#### [WHAT YOU WILL DO]
Retype, exactly as they appear below, the lines between the line holding "Relevant here only" and the line holding "nat \<Rightarrow> complex", both ends included.

(Source data)
________________________

(* Let $\delta>0$, $r\in\mathbb{N}$, $r'\in(1,+\infty)$. Let $\overline{D}(\delta,r)=\{s\in\mathbb{C}:\min_{n\in\mathbb{N}}|s-n|\ge\delta,\ |s|\le r\}$. Then there is a constant $C>0$ depending only on $r,r',\delta$ such that for all $d\in\mathbb{C}$ with $\operatorname{Re}d\ge1/r'$ and $|d|\le r'$, all $s\in\overline{D}(\delta,r)$ and all $k\in\mathbb{N}_0$, \[ |\zeta(s-k,d)|\le C\Big(\frac{e^2}{2\pi}\Big)^kk!\,(k+1)^{r+1}(1+r'^{2k}). \]
   Context: $\zeta(s,d)=\sum_{n\ge0}(n+d)^{-s}$ is the Hurwitz zeta function, meromorphically continued in $s$; $\mathbb{N}=\{1,2,\dots\}$, $\mathbb{N}_0=\{0,1,\dots\}$. *)

theory Defs
  imports "HOL-Complex_Analysis.Complex_Analysis"
begin

text \<open>Hurwitz zeta function zeta(s,d) = sum_{n>=0} (n+d)^(-s), meromorphically continued
  in s: for fixed d it is the unique function holomorphic on the complex plane minus {1}
  that agrees with the Dirichlet series for Re s > 1 (the value at the pole s = 1 is
  normalised to 0 only to make the function unique; it is never used).
  Relevant here only for Re d > 0, where the principal-branch powr is the standard choice.\<close>
definition hurwitz_zeta :: "complex \<Rightarrow> complex \<Rightarrow> complex" where
  "hurwitz_zeta s d =
     (THE f. f holomorphic_on (UNIV - {1}) \<and> f 1 = 0 \<and>
        (\<forall>z. 1 < Re z \<longrightarrow> f z = (\<Sum>n. (of_nat n + d) powr (- z)))) s"

definition Dbar :: "real \<Rightarrow> nat \<Rightarrow> complex set" where
  "Dbar \<delta> r = {s. (\<forall>n::nat. n \<ge> 1 \<longrightarrow> \<delta> \<le> cmod (s - of_nat n)) \<and> cmod s \<le> real r}"

end

theory Submission
  imports Defs
begin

________________________

#### [ANSWER TO THE EXERCISE]
  Relevant here only for Re d > 0, where the principal-branch powr is the standard choice.\<close>
definition hurwitz_zeta :: "complex \<Rightarrow> complex \<Rightarrow> complex" where
  "hurwitz_zeta s d =
     (THE f. f holomorphic_on (UNIV - {1}) \<and> f 1 = 0 \<and>
        (\<forall>z. 1 < Re z \<longrightarrow> f z = (\<Sum>n. (of_nat n + d) powr (- z)))) s"

definition Dbar :: "real \<Rightarrow> nat \<Rightarrow> complex set" where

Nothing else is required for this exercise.